# Foaming milk?



## Krystal olsen (Jan 28, 2019)

I have noticed that my goat's milk is pretty foamy some days and not foamy at all on others! I notice that the milk is actually more foamy when they are in heat! Is this normal????


----------



## NigerianDwarfOwner707 (May 17, 2018)

Foamy from out of the udder or when it gets squirted in a bowl? Because the action of milking into a pot or whatever you use creates foamy milk on the top. It should not be foamy textured, though. Never heard of more foam being heat related. Maybe just a coincidence onder:


----------



## groovyoldlady (Jul 21, 2011)

My Nigerians have foamy milk when I'm milking them into the bucket. There's definitely more some days than others, but I never noticed a correlation with hormones. I'll have to be more observant!


----------



## Krystal olsen (Jan 28, 2019)

I am milking into a stainless steel bucket! I mean as long as it's nothing to worry about it's all good. It seems like on days they are in heat there is a lot of foam sitting in the strainer after I pour it through.


----------



## ksalvagno (Oct 6, 2009)

Foam is nothing to worry about.


----------



## NigerianDwarfOwner707 (May 17, 2018)

Agreed. Not to worry. As long as the milk itself is good.


----------



## NigerianDwarfOwner707 (May 17, 2018)

Agreed. Not to worry. As long as the milk itself is good.


----------



## Krystal olsen (Jan 28, 2019)

Thank you everyone!!!!


----------



## cristina-sorina (May 4, 2018)

I've not noticed a correlation but I'll have to pay more attention.

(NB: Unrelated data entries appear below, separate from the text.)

(* Assume (K1). Let $\alpha,\beta\in\mathbb Z_+^d$ with $|\alpha|=|\beta|=3$. Then (i) $\int_{\mathbb R^d}K^{(\alpha)}(u)K^{(\beta)}(u)\,du=\int_{\mathbb R^d}[K^{(\rho_q)}(u)]^2du$ if $\alpha+\beta\in\{2\gamma:\gamma\in\Pi(\rho_q)\}$ for some $q\in\{1,2,3\}$ (with $q=3$ only if $d\ge3$), and $=0$ otherwise; (ii) $a_K\ge1$, and if $d\ge3$ then $b_K\le1$.
   Context: $d\ge2$. For a multi-index $\gamma=(\gamma_1,\dots,\gamma_d)\in\mathbb Z_+^d$, $|\gamma|=\sum\gamma_i$ and $K^{(\gamma)}=\partial^{|\gamma|}K/\partial x_1^{\gamma_1}\cdots\partial x_d^{\gamma_d}$. $\rho_1=(3,0,\dots,0)$, $\rho_2=(2,1,0,\dots,0)$, and for $d\ge3$ $\rho_3=(1,1,1,0,\dots,0)$; $\Pi(\rho_q)$ is the set of all vectors obtained by permuting the entries of $\rho_q$. $a_K=\int[K^{(\rho_1)}]^2/\int[K^{(\rho_2)}]^2$ and (for $d\ge3$) $b_K=\int[K^{(\rho_3)}]^2/\int[K^{(\rho_2)}]^2$. (K1): $K$ is a spherically symmetric probability density on $\mathbb R^d$ supported on the closed unit ball, with continuous partial derivatives up to order 4. *)

theory Defs
  imports "HOL-Analysis.Analysis"
begin

text \<open>Points of R^d are vectors real^'n, with d = CARD('n). The index type carries a
linear order so that coordinates can be numbered 1..d (coordinate k is the k-th
smallest element of 'n, counting from 0 in Isabelle).\<close>

definition coord :: "nat \<Rightarrow> 'n::{finite,linorder}" where
  "coord k = sorted_list_of_set (UNIV :: 'n set) ! k"

definition partial :: "'n::finite \<Rightarrow> (real^'n \<Rightarrow> real) \<Rightarrow> real^'n \<Rightarrow> real" where
  "partial i f x = deriv (\<lambda>t. f (x + t *\<^sub>R axis i 1)) 0"

fun pdl :: "'n::finite list \<Rightarrow> (real^'n \<Rightarrow> real) \<Rightarrow> real^'n \<Rightarrow> real" where
  "pdl [] f = f"
| "pdl (i # is) f = partial i (pdl is f)"

definition cont_partials_upto :: "nat \<Rightarrow> (real^'n::finite \<Rightarrow> real) \<Rightarrow> bool" where
  "cont_partials_upto m f \<longleftrightarrow>
     (\<forall>is. length is \<le> m \<longrightarrow> continuous_on UNIV (pdl is f)) \<and>
     (\<forall>is i x. length is < m \<longrightarrow>
        ((\<lambda>t. pdl is f (x + t *\<^sub>R axis i 1)) has_real_derivative pdl (i # is) f x) (at 0))"

definition mi_order :: "('n::finite \<Rightarrow> nat) \<Rightarrow> nat" where
  "mi_order \<gamma> = (\<Sum>i\<in>UNIV. \<gamma> i)"

definition mderiv :: "('n::finite \<Rightarrow> nat) \<Rightarrow> (real^'n \<Rightarrow> real) \<Rightarrow> real^'n \<Rightarrow> real" where
  "mderiv \<gamma> f = pdl (SOME is. \<forall>i. count_list is i = \<gamma> i) f"

definition rho :: "nat \<Rightarrow> 'n::{finite,linorder} \<Rightarrow> nat" where
  "rho q = (if q = 1 then (\<lambda>j. if j = coord 0 then 3 else 0)
            else if q = 2 then (\<lambda>j. if j = coord 0 then 2 else if j = coord 1 then 1 else 0)
            else (\<lambda>j. if j = coord 0 \<or> j = coord 1 \<or> j = coord 2 then 1 else 0))"

definition Perms :: "('n::finite \<Rightarrow> nat) \<Rightarrow> ('n \<Rightarrow> nat) set" where
  "Perms \<gamma> = {\<gamma> \<circ> \<sigma> | \<sigma>. \<sigma> permutes (UNIV :: 'n set)}"

definition sq_int :: "('n::finite \<Rightarrow> nat) \<Rightarrow> (real^'n \<Rightarrow> real) \<Rightarrow> real" where
  "sq_int \<gamma> K = (LINT u|lborel. (mderiv \<gamma> K u)\<^sup>2)"

definition a_K :: "(real^'n::{finite,linorder} \<Rightarrow> real) \<Rightarrow> real" where
  "a_K K = sq_int (rho 1) K / sq_int (rho 2) K"

definition b_K :: "(real^'n::{finite,linorder} \<Rightarrow> real) \<Rightarrow> real" where
  "b_K K = sq_int (rho 3) K / sq_int (rho 2) K"

definition K1 :: "(real^'n::finite \<Rightarrow> real) \<Rightarrow> bool" where
  "K1 K \<longleftrightarrow>
     (\<forall>x y. norm x = norm y \<longrightarrow> K x = K y) \<and>
     (\<forall>x. 0 \<le> K x) \<and> integrable lborel K \<and> (LINT u|lborel. K u) = 1 \<and>
     (\<forall>x. 1 < norm x \<longrightarrow> K x = 0) \<and>
     cont_partials_upto 4 K"

end

(* Integration by parts along a coordinate direction moves one derivative from K^(alpha) to
   K^(beta) at the cost of a sign, since all derivatives of K vanish outside the unit ball.
   Moving one derivative out of a coordinate where alpha exceeds gamma = (alpha + beta)/2 and
   one back into a coordinate where it falls short keeps the sign, so by induction
   int K^(alpha) K^(beta) = int [K^(gamma)]^2.  If alpha + beta has an odd entry, reflecting
   that coordinate preserves K (spherical symmetry) but reverses the sign of the integrand, so
   the integral vanishes.  Coordinate permutations also preserve K, hence int [K^(gamma)]^2
   only depends on the entries of gamma, and every gamma of order 3 is a permutation of some
   rho_q.  Finally rho_1 + (1,2,0,...) = 2 rho_2 and (2,0,1,...) + (0,2,1,...) = 2 rho_3, so
   2ab <= a^2 + b^2 gives int [K^(rho_2)]^2 <= int [K^(rho_1)]^2 and
   int [K^(rho_3)]^2 <= int [K^(rho_2)]^2.  *)

theory Submission
  imports Defs
begin

section \<open>Symmetry of iterated partial derivatives\<close>

lemma has_real_derivative_along_line:
  fixes g :: "'a::real_normed_vector \<Rightarrow> real"
  assumes "\<And>x. ((\<lambda>t. g (x + t *\<^sub>R v)) has_real_derivative g' x) (at 0)"
  shows "((\<lambda>t. g (y + t *\<^sub>R v)) has_real_derivative g' (y + s *\<^sub>R v)) (at s)"
proof -
  have "((\<lambda>t. g ((y + s *\<^sub>R v) + t *\<^sub>R v)) has_real_derivative g' (y + s *\<^sub>R v)) (at 0)"
    by (rule assms)
  then have "((\<lambda>t. g (y + (t + s) *\<^sub>R v)) has_real_derivative g' (y + s *\<^sub>R v)) (at 0)"
    by (simp add: algebra_simps scaleR_add_left)
  then show ?thesis
    using DERIV_shift[of "\<lambda>t. g (y + t *\<^sub>R v)" "g' (y + s *\<^sub>R v)" 0 s] by simp
qed

lemma mean_value_from_origin:
  fixes F :: "real \<Rightarrow> real"
  assumes "\<And>s. (F has_real_derivative F' s) (at s)" and "h \<noteq> 0"
  obtains z where "\<bar>z\<bar> \<le> \<bar>h\<bar>" and "F h - F 0 = h * F' z"
proof (cases "h > 0")
  case True
  with MVT2[of 0 h F F'] assms(1) obtain z where "0 < z" "z < h" "F h - F 0 = (h - 0) * F' z"
    by blast
  then show ?thesis using that[of z] by auto
next
  case False
  with assms(2) MVT2[of h 0 F F'] assms(1) obtain z where "h < z" "z < 0" "F 0 - F h = (0 - h) * F' z"
    by auto
  then show ?thesis using that[of z] by (auto simp: algebra_simps)
qed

Coffee addict here: But Does anyone else think that foam would be lovely on top of their coffee or am I the only one? When I milk in the mornings and the milk is foamy I wish there was a way to strain the foam so i could use it in my morning coffee.


----------



## Island Milker (Dec 11, 2018)

I am defiantly a fan of foamy milk. One of my goats who is very easy to milk(big teats), has lots of foam, where as my first time freshner has a small amount of foam. Its a lot easier to get a nice steady long stream from my easy to milk goat as apposed to my first time freshner with the little squirts of milk.


----------



## whitejerabias (May 6, 2019)

cristina-sorina said:


> Coffee addict here: But Does anyone else think that foam would be lovely on top of their coffee or am I the only one? When I milk in the mornings and the milk is foamy I wish there was a way to strain the foam so i could use it in my morning coffee.


Oh yes! I have been a militant black coffee drinker for years until we got the goats. My first coffee of the day must and forever will be black and hot but subsequent cups have all been replaced with half goat milk. There's a special kind of romance for having my first cup as I prepare their breakfast and then the second cup with the milk I just milked.

I get foam in the bucket, but it's always gone by the time we strain it or it strains out. But I have a milk throther, I will have to make myself a latte tomorrow!


----------